Алымов, даже не привстав со стула, усмехнулся:
– Извините, господин жандарм, но предложить вам сесть у меня нет ни малейшего желания, как нет такового и откровенничать с вами. Хотя! Очень любопытно: зачем я вам понадобился и почему вы пожаловали именно сюда, а не пригласили меня для разговора в своё учреждение? Случилось что-то серьёзное?
– Случилось. Но для начала перемените тон, штабс-капитан, – угрожающе потребовал Мазепа. – В вашем положении следует быть более учтивым.
– Каком положении?
– Любопытном, – Мазепа помолчал и пошёл напролом. – Укажите нам, милейший, сегодняшнее местонахождение известной вам мещанки Денисовой, и мы мирно расстанемся.
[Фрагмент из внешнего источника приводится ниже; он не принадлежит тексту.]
(* Let $A\in\mathbb{R}^{m\times n}$ be semi-monotone (i.e. $A^{\dagger}\geq 0$). Let $A=B-C$ be a proper weak regular splitting and $A=U-V$ a proper regular splitting of $A$. If $B^{\dagger}\geq U^{\dagger}$ and all row sums of $U^{\dagger}$ are positive, then $$\rho(B^{\dagger}C)\leq \rho(U^{\dagger}V)<1.$$
   Context: All matrices are real. $X^{\dagger}$ denotes the Moore–Penrose inverse of $X$, and $\rho(\cdot)$ the spectral radius. For a matrix $X$, $X\geq 0$ means that all entries of $X$ are nonnegative and at least one entry is positive; $X\geq Y$ means $X-Y\geq 0$. $R(X)$ and $N(X)$ denote range and null space. A splitting $A=U-V$ is proper if $R(U)=R(A)$ and $N(U)=N(A)$. It is a proper regular splitting if it is proper, $U^{\dagger}\geq 0$ and $V\geq 0$; it is a proper weak regular splitting if it is proper, $U^{\dagger}\geq 0$ and $U^{\dagger}V\geq 0$. *)

theory Defs
  imports "HOL-Analysis.Analysis"
begin

text \<open>Real m x n matrices are rendered as real^'n^'m (rows indexed by 'm).\<close>

definition moore_penrose :: "real^'n^'m \<Rightarrow> real^'m^'n" where
  "moore_penrose A = (THE X. A ** X ** A = A \<and> X ** A ** X = X \<and>
      transpose (A ** X) = A ** X \<and> transpose (X ** A) = X ** A)"

definition mat_nonneg :: "real^'n^'m \<Rightarrow> bool" where
  "mat_nonneg X \<longleftrightarrow> (\<forall>i j. X$i$j \<ge> 0) \<and> (\<exists>i j. X$i$j > 0)"

definition mat_ge :: "real^'n^'m \<Rightarrow> real^'n^'m \<Rightarrow> bool" where
  "mat_ge X Y \<longleftrightarrow> mat_nonneg (X - Y)"

definition mat_range :: "real^'n^'m \<Rightarrow> (real^'m) set" where
  "mat_range A = range (\<lambda>x. A *v x)"

definition mat_null :: "real^'n^'m \<Rightarrow> (real^'n) set" where
  "mat_null A = {x. A *v x = 0}"

definition proper_splitting :: "real^'n^'m \<Rightarrow> real^'n^'m \<Rightarrow> real^'n^'m \<Rightarrow> bool" where
  "proper_splitting A U V \<longleftrightarrow> A = U - V \<and> mat_range U = mat_range A \<and> mat_null U = mat_null A"

definition proper_regular_splitting :: "real^'n^'m \<Rightarrow> real^'n^'m \<Rightarrow> real^'n^'m \<Rightarrow> bool" where
  "proper_regular_splitting A U V \<longleftrightarrow>
     proper_splitting A U V \<and> mat_nonneg (moore_penrose U) \<and> mat_nonneg V"

definition proper_weak_regular_splitting :: "real^'n^'m \<Rightarrow> real^'n^'m \<Rightarrow> real^'n^'m \<Rightarrow> bool" where
  "proper_weak_regular_splitting A U V \<longleftrightarrow>
     proper_splitting A U V \<and> mat_nonneg (moore_penrose U) \<and> mat_nonneg (moore_penrose U ** V)"

definition complexify :: "real^'n^'m \<Rightarrow> complex^'n^'m" where
  "complexify M = (\<chi> i j. complex_of_real (M$i$j))"

definition spectral_radius :: "real^'n^'n \<Rightarrow> real" where
  "spectral_radius M = Max {cmod l | l. \<exists>v. v \<noteq> 0 \<and> complexify M *v v = l *s v}"

end

theory Submission
  imports Defs "Jordan_Normal_Form.Spectral_Radius"
begin

text \<open>Both inequalities are Collatz--Wielandt estimates for the nonnegative matrices
  \<open>B\<^sup>\<dagger>C\<close> and \<open>U\<^sup>\<dagger>V\<close>, driven by the identities
  \<open>A\<^sup>\<dagger> = U\<^sup>\<dagger> + U\<^sup>\<dagger>V A\<^sup>\<dagger> = U\<^sup>\<dagger> + A\<^sup>\<dagger>V U\<^sup>\<dagger>\<close> and
  \<open>A\<^sup>\<dagger> = B\<^sup>\<dagger> + B\<^sup>\<dagger>C A\<^sup>\<dagger>\<close> of proper splittings.
  The vector \<open>A\<^sup>\<dagger>\<one>\<close> is strictly shrunk by \<open>U\<^sup>\<dagger>V\<close>, because \<open>U\<^sup>\<dagger>\<one> > 0\<close>;
  hence \<open>\<rho>(U\<^sup>\<dagger>V) < 1\<close>. For the comparison, the moduli of a left eigenvector of \<open>B\<^sup>\<dagger>C\<close>
  give \<open>y \<ge> 0\<close> with \<open>\<rho>(B\<^sup>\<dagger>C) y \<le> y B\<^sup>\<dagger>C\<close>; using \<open>U\<^sup>\<dagger> \<le> B\<^sup>\<dagger>\<close> the
  identities carry it to \<open>z = y A\<^sup>\<dagger>\<close> with \<open>\<rho>(B\<^sup>\<dagger>C) z \<le> z V U\<^sup>\<dagger>\<close> and then to
  \<open>w = z V\<close> with \<open>\<rho>(B\<^sup>\<dagger>C) w \<le> w U\<^sup>\<dagger>V\<close>. Such a nonnegative sub-invariant
  vector bounds the spectral radius from below: otherwise suitably rescaled powers of
  \<open>U\<^sup>\<dagger>V\<close> would be bounded and grow geometrically along \<open>w\<close>.\<close>

no_notation Matrix.vec_index (infixl \<open>$\<close> 100)
hide_const (open) Matrix.orthogonal Spectral_Radius.spectral_radius
hide_fact (open) Matrix.less_eq_vec_def Matrix.vec_eq_iff

section \<open>Moore--Penrose inverses\<close>

definition is_moore_penrose_inverse :: "real^'n^'m \<Rightarrow> real^'m^'n \<Rightarrow> bool" where
  "is_moore_penrose_inverse A X \<longleftrightarrow> A ** X ** A = A \<and> X ** A ** X = X \<and>
      transpose (A ** X) = A ** X \<and> transpose (X ** A) = X ** A"
theorem lemma5p1:
  fixes f :: "real^'n \<Rightarrow> real^'n" and x :: "real \<Rightarrow> real^'n" and I :: "real set"
  assumes "CARD('n) \<ge> 2"
    and "laplacian_map f"
    and "is_trajectory f I x"
  shows "(\<forall>y\<in>alpha_limit_set I x. f y = 0) \<and> (\<forall>y\<in>omega_limit_set I x. f y = 0)"
proof -
  define V where "V = radial_potential f"
  have grad: "\<And>z. (V has_derivative (\<lambda>h. h \<bullet> f z)) (at z)"
    unfolding V_def using laplacian_map_has_derivative_radial_potential[OF assms(2)] .
  have cont: "continuous_on UNIV f"
    using laplacian_map_imp_continuous[OF assms(2)] .
  have "\<forall>y\<in>omega_limit_set I x. f y = 0"
    using omega_limit_gradient_equilibrium[OF grad cont assms(3)] by blast
  moreover have "\<forall>y\<in>omega_limit_set (uminus ` I) (\<lambda>t. x (- t)). - f y = 0"
  proof
    fix y assume y: "y \<in> omega_limit_set (uminus ` I) (\<lambda>t. x (- t))"
    have "((\<lambda>z. - V z) has_derivative (\<lambda>h. h \<bullet> - f z)) (at z)" for z
      using has_derivative_minus[OF grad[of z]] by simp
    then show "- f y = 0"
      using omega_limit_gradient_equilibrium[OF _ continuous_on_minus[OF cont]
          is_trajectory_reverse[OF assms(3)] y] by blast
  qed
  ultimately show ?thesis
    by (simp add: alpha_limit_set_eq_omega_limit_set_reverse)
qed

end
В противном случае я вынужден буду привлечь вас к ответственности за укрывательство особо опасной государственной преступницы. И что ещё хуже – за помощь ей в совершении злостного убийства.
– Помилуйте, ротмистр, но какое же убийство могла совершить Татьяна Андреевна? Она же совсем ещё девочка и калека притом!
– Да бросьте вы эти сопли: девочка, калека. Эсерка она, член боевой организации. И не говорите мне, что вы не знали об этом. Я бы на вашем месте застрелился, Алымов, чтобы в дальнейшем избежать позора разоблачения и постыдного наказания.
Цезарь Юльевич внимательно посмотрел в глаза жандарму:
– Нет уж, стреляйтесь сами, Мазепа, – и сделал роковой жест – потянулся рукой в карман за платком.
Громыхайло, стоявший за спиной ротмистра, тут же выстрелил.
Дальше – пунктирно.
Алымова при большом стечении народа похоронили со всеми возможными почестями. Отпевание. Речи над могилой. Золотые трубы оркестра и чёрная вуаль Оленьки Угрюмовой.
Громыхайло от греха подальше тихо отправили на пенсию, посоветовав реже показываться на людях.
Убийц Богоявленского так и не нашли. И следствием этого стала скорая отставка полковника Устинова, а следом и любителя ночных развлечений – вице-губернатора Тройницкого.
Выслали из города и Люсьен Дюшон, которая, поговаривали, скоро объявилась под именем Софи Монтаньяри уже в Новониколаевске, где обольстила и разорила дряхлого миллионщика Сажина.
Цирковых лошадей спешно и как-будто втридёшево продал приехавший из Москвы брат Цезаря Юльевича. Он же, рассчитавшись с труппой, распустил её за ненадобностью.